Эти мысли высказывали вслух. Конечно, не в бою, а потом, когда в землянках коротали дневные часы. Самое же удивительное — политработники, при которых, случалось, возникали эти разговоры, почему-то в ответ только и бросали, что всякому овощу свое время.

С конца октября жили в землянках, подготовленных в начале лета, подготовленных без спешки и поэтому добротно. Отогревались в землянках у печек-буржуек и думали, говорили о том, что ходить в Сталинград с каждым днем становится все труднее и труднее. Из-за морозца, который норовил ледяной коркой покрыть катер, из-за снега, слепящего глаза. Особенно же тяжело, можно сказать невыносимо, плавать стало, когда по Волге сначала редкими и еле заметными островками, а потом почти сплошным потоком пошло сало. Оно не только крало скорость и ухудшало маневренность катеров. Оно забивало приемники забортной воды, и моторы перегревались, при малейшем недогляде могли выйти из строя. Но желание работать на переправах было столь неодолимо, что на некоторых катерах находились добровольцы, ложившиеся на палубу и пальцами выдиравшие ледяное крошево из приемников забортной воды. Гребни волн, срываемые ветром, обрушивались на них, и люди примерзали к палубе, становились похожи на ледяные глыбы, но не уходили с боевого поста, который сами себе выбрали.

19 ноября сала Волга несла сравнительно немного, и лейтенант Манечкин с товарищами вполне терпимо и ночь отработали на переправе, и вернулись на место своей стоянки. Только заглушили мотор, не успели и почувствовать окружающую тишину, как земля задрожала мелко-мелко. В тот же миг яркие сполохи заиграли на серых тучах, нависших над правым берегом Волги, севернее и южнее Сталинграда заиграли.

Чтобы в катерном журнале увиденное зафиксировать предельно точно, лейтенант Манечкин глянул на часы. Было 7 часов 30 минут.
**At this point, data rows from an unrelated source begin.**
lemma psd_factor_rank:
  assumes "psd n X"
  shows "\<exists>Y \<in> carrier_mat n (vec_space.rank n X). X = Y * transpose_mat Y"
proof -
  obtain k Z p where Z: "Z \<in> carrier_mat n k" and XZ: "X = Z * transpose_mat Z" and piv: "column_pivots Z p"
    using psd_pivoted_factorization[OF assms] by blast
  define r where "r = vec_space.rank n X"
  have kr: "k \<le> r" unfolding r_def XZ by (rule rank_mult_transpose_ge_pivots[OF Z piv])
  define Y where "Y = mat n r (\<lambda>(a, l). if l < k then Z $$ (a, l) else 0)"
  have Y: "Y \<in> carrier_mat n r" by (simp add: Y_def)
  have "Y * transpose_mat Y = Z * transpose_mat Z"
  proof (rule eq_matI)
    fix a b assume "a < dim_row (Z * transpose_mat Z)" "b < dim_col (Z * transpose_mat Z)"
    then have a: "a < n" and b: "b < n" using Z by auto
    have "(\<Sum>l<r. Y $$ (a, l) * Y $$ (b, l)) = (\<Sum>l<k. Y $$ (a, l) * Y $$ (b, l))"
      by (rule sum.mono_neutral_right) (use kr in \<open>auto simp: Y_def a b\<close>)
    also have "\<dots> = (\<Sum>l<k. Z $$ (a, l) * Z $$ (b, l))"
      by (rule sum.cong) (use kr in \<open>auto simp: Y_def a b\<close>)
    finally show "(Y * transpose_mat Y) $$ (a, b) = (Z * transpose_mat Z) $$ (a, b)"
      using index_mult_transpose_mat[OF Y Y a b] index_mult_transpose_mat[OF Z Z a b] by simp
  qed (use Y Z in auto)
  then have "X = Y * transpose_mat Y" using XZ by simp
  then show ?thesis using Y unfolding r_def by blast
qed

section \<open>The multiplier estimate\<close>

lemma Astar_carrier: "Astar n m A \<nu> \<in> carrier_mat n n"
  by (simp add: Astar_def)

lemma index_Astar_mult:
  assumes A: "\<forall>i<m. A i \<in> carrier_mat n n" and Y: "Y \<in> carrier_mat n k" and a: "a < n" and l: "l < k"
  shows "(Astar n m A \<nu> * Y) $$ (a, l) = (\<Sum>i<m. \<nu> $ i * (A i * Y) $$ (a, l))"
proof -
  have "(Astar n m A \<nu> * Y) $$ (a, l) = (\<Sum>c<n. \<Sum>i<m. \<nu> $ i * (A i $$ (a, c) * Y $$ (c, l)))"
    using Y a l by (simp add: Astar_def scalar_prod_def atLeast0LessThan sum_distrib_right mult.assoc)
  also have "\<dots> = (\<Sum>i<m. \<Sum>c<n. \<nu> $ i * (A i $$ (a, c) * Y $$ (c, l)))"
    by (rule sum.swap)
  also have "\<dots> = (\<Sum>i<m. \<nu> $ i * (A i * Y) $$ (a, l))"
  proof (intro sum.cong refl)
    fix i assume "i \<in> {..<m}"
    then have "A i \<in> carrier_mat n n" using A by simp
    then show "(\<Sum>c<n. \<nu> $ i * (A i $$ (a, c) * Y $$ (c, l))) = \<nu> $ i * (A i * Y) $$ (a, l)"
      using Y a l by (simp add: scalar_prod_def atLeast0LessThan sum_distrib_left)
  qed
  finally show ?thesis .
qed

lemma frob_minus_Astar:
  assumes A: "\<forall>i<m. A i \<in> carrier_mat n n" and C: "C \<in> carrier_mat n n"
    and X: "X \<in> carrier_mat n n" and \<nu>: "\<nu> \<in> carrier_vec m"
  shows "frob (C - Astar n m A \<nu>) X = frob C X - Aop m A X \<bullet> \<nu>"
proof -
  have "frob (Astar n m A \<nu>) X = frob X (Astar n m A \<nu>)"
    using X by (intro frob_commute[OF Astar_carrier])
  also have "\<dots> = (\<Sum>i<m. \<nu> $ i * frob X (A i))"
    by (rule frob_lincomb_right[OF X]) (simp add: Astar_def)
  also have "\<dots> = Aop m A X \<bullet> \<nu>"
    using A X \<nu> by (simp add: Aop_def scalar_prod_def atLeast0LessThan frob_commute[of X n n] mult.commute)
  finally show ?thesis using frob_diff_left[OF C Astar_carrier] by simp
qed

lemma Aop_mult_transpose_eq_gram:
  assumes A: "\<forall>i<m. A i \<in> carrier_mat n n" and Y: "Y \<in> carrier_mat n k" and C: "C \<in> carrier_mat n n"
    and CY: "C * Y = Astar n m A \<nu> * Y" and \<nu>: "\<nu> \<in> carrier_vec m"
  shows "Aop m A (C * Y * transpose_mat Y) = gram m A Y *\<^sub>v \<nu>"
proof (rule eq_vecI)
  fix j assume "j < dim_vec (gram m A Y *\<^sub>v \<nu>)"
  then have j: "j < m" by (simp add: gram_def)
  have AjY: "A j * Y \<in> carrier_mat n k" using A Y j by auto
  have "Aop m A (C * Y * transpose_mat Y) $ j = frob (A j) (C * Y * transpose_mat Y)"
    using j by (simp add: Aop_def)
  also have "\<dots> = frob (A j * Y) (C * Y)"
    by (rule frob_mult_transpose_right) (use A C Y j in auto)
  also have "\<dots> = frob (A j * Y) (Astar n m A \<nu> * Y)"
    unfolding CY ..
  also have "\<dots> = (\<Sum>i<m. \<nu> $ i * frob (A j * Y) (A i * Y))"
    by (rule frob_lincomb_right[OF AjY]) (simp add: index_Astar_mult[OF A Y])
  also have "\<dots> = (gram m A Y *\<^sub>v \<nu>) $ j"
    using j \<nu> by (simp add: gram_def scalar_prod_def atLeast0LessThan mult.commute)
  finally show "Aop m A (C * Y * transpose_mat Y) $ j = (gram m A Y *\<^sub>v \<nu>) $ j" .
qed (simp add: Aop_def gram_def)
Еще переглядывались, остерегаясь дать волю своей догадке, а тут до них и докатился даже не залп, а мощный рокот, порожденный множеством орудий.

Потом, когда исчезли последние сомнения, лейтенант Манечкин, дав волю нахлынувшим чувствам, обнял всех матросов поочередно, всех поздравил с началом конца великой битвы. И как-то так, помимо его воли, случилось, что Вера попалась ему на глаза последней. Значит, самой судьбой было определено им, прижавшись друг к другу и оказавшись почему-то в полном одиночестве, простоять несколько дольше, чем было необходимо для официального поздравления.
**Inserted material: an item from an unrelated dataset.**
(* Let $f$ be a strategy-proof SCF and $G$ a gradual mechanism implementing $f$. If $G$ is indifference reaction-proof, then $G$ is incentive compatible.
   Context: Setting. $N$ finite set of agents, $X$ finite set of outcomes, finite type spaces $\Theta_i$, each type $\theta_i$ inducing a complete transitive preference $R(\theta_i)$ on $X$; $\Theta=\prod_i\Theta_i$. An SCF $f:\Theta\to X$ is strategy-proof if $f(\theta_i,\theta_{-i})\,R(\theta_i)\,f(\theta_i',\theta_{-i})$ for all $i,\theta_i,\theta_i',\theta_{-i}$. Dynamic game forms. A dynamic game form with perfect recall consists of a finite tree $\bar H$ of histories (finite sequences of action profiles) containing the empty initial history $\varnothing$, closed under prefixes ($\preceq$ prefix order, $\prec$ strict); terminal histories $Z$, non-terminal $H$; at each $h\in H$ a nonempty set $\mathbb P(h)$ of agents move simultaneously with available actions $A_i(h)$, all action profiles leading to successors; $\mathbb P(\varnothing)=N$; each agent's decision nodes $H_i$ are partitioned into information sets $\boldsymbol H_i$, with available actions constant on information sets and perfect recall; $\mathcal X:Z\to X$. For information sets of $i$, $\boldsymbol h_i\prec\bar{\boldsymbol h}_i$ if $h\prec\bar h$ for some $h\in\boldsymbol h_i,\bar h\in\bar{\boldsymbol h}_i$; $\bar{\boldsymbol h}_i$ is an immediate successor of $\boldsymbol h_i$ if $\boldsymbol h_i\prec\bar{\boldsymbol h}_i$ and no information set of $i$ lies strictly between them. Strategies choose an available action at each information set; $s_M$ denotes a profile for agents in $M$ ($s_{-i}$, $s_{-i,j}$ for agents other than $i$, other than $i,j$); a complete profile $s$ determines $z(s)$ and $\mathcal X(s)=\mathcal X(z(s))$. Gradual mechanisms. A GM implementing $f$ is such a game form in which (1) actions of $i$ are nonempty subsets of $\Theta_i$; (2) at every $h\in H_i$ the available actions of $i$ are pairwise disjoint with union $\Theta_i(h)$, where for any history $h$, $\Theta_i(h)$ is the last action of $i$ in $h$ ($\Theta_i$ if $i$ has not acted); (3) $\mathcal X(z)=f(\theta)$ for all $z\in Z$, $\theta\in\Theta(z)=\prod_i\Theta_i(z)$. For a history $h$, $\Theta(h)=\prod_i\Theta_i(h)$; for an information set, $\Theta_i(\boldsymbol h_i)=\Theta_i(h)$ for $h\in\boldsymbol h_i$. Consistency. A history $h$ is consistent with $s_M$ ($M\subsetneq N$) if $h\preceq z(s_M,s_{N\setminus M})$ for some $s_{N\setminus M}$. Incentive compatibility. $s_i$ is unconditional for $\theta_i$ if $\theta_i\in s_i(h)$ for every $h\in H_i$ with $\theta_i\in\Theta_i(h)$ (denoted $s_{\theta_i}$). The GM is incentive compatible if $\mathcal X(s_{\theta_i},s_{-i})\,R(\theta_i)\,\mathcal X(s_i,s_{-i})$ for all $i,\theta_i$, unconditional $s_{\theta_i}$, $s_i$, $s_{-i}$. Indifference reaction-proofness. A GM $G$ implementing $f$ is indifference reaction-proof if for any two distinct agents $i,j\in N$, any pair of distinct information sets $\boldsymbol h_i^1,\boldsymbol h_i^2$ of $i$ that are immediate successors of a common information set $\boldsymbol h_i$ of $i$ with $\Theta_i(\boldsymbol h_i^1)=\Theta_i(\boldsymbol h_i^2)$, and any histories $h^1\in\boldsymbol h_i^1$, $h^2\in\boldsymbol h_i^2$ that are both consistent with a common strategy profile $s_{-i,j}$, there exists $h^k\in\{h^1,h^2\}$ such that $f(\theta)\,R(\theta_j^* )\,f(\theta')$ for all $\theta,\theta'\in\Theta(h^k)$ and all $\theta_j^*\in\Theta_j$. *)

theory Defs
  imports Main "HOL-Library.Sublist" "HOL-Library.FuncSet"
begin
А еще через час или около того приполз и радостный слух, которому поверили сразу и безоговорочно: войска Юго-Западного и Донского фронтов одновременно начали наступление, с такой силой и неожиданно ударили по линии фашистской обороны, что она кое-где дала трещины; дескать, пройдет еще совсем немного времени, и фашистские вояки попадут в такое окружение, подобного которому пока не зафиксировано мировой историей.

Очень радовались, можно сказать — ликовали, но с наступлением сумерек, как стало уже привычным, снова ушли на переправу. И проработали там всю ночь, хотя по реке не только сало косяками шло, но и отдельные льдинки и даже льдины беловатыми пятнами обозначались.

Вернулись на базу, не успела Вера приготовить общий завтрак — по ушам ударил грохот артиллерийских залпов здесь, на левом берегу Волги, грохот разрывов многих снарядов в городе, там, откуда еще минуту назад стреляли фашисты. А связисты, дежурившие у коммутаторов и на линии, уже шепчут доверительно: перешла в наступление 51-я армия Сталинградского фронта.

Многие матросы радостно чертыхнулись, кое-кто даже возопил, что вот, мол, оно, то время, когда наши овощи созревать начали!

Только стали успокаиваться — приполз слух, что двинулась вперед и 57-я армия. Минуло еще около двух часов — официально сообщили, что ударила по фашистам и 64-я.

Интересно, а какой приказ получила 62-я армия генерала Чуйкова, на которую они, моряки, и работали все эти месяцы?

А моряки флотилии по-прежнему работали на переправах. Куда посылали, там и работали. Вроде бы даже с еще большим напряжением всех сил, с еще большим ожесточением.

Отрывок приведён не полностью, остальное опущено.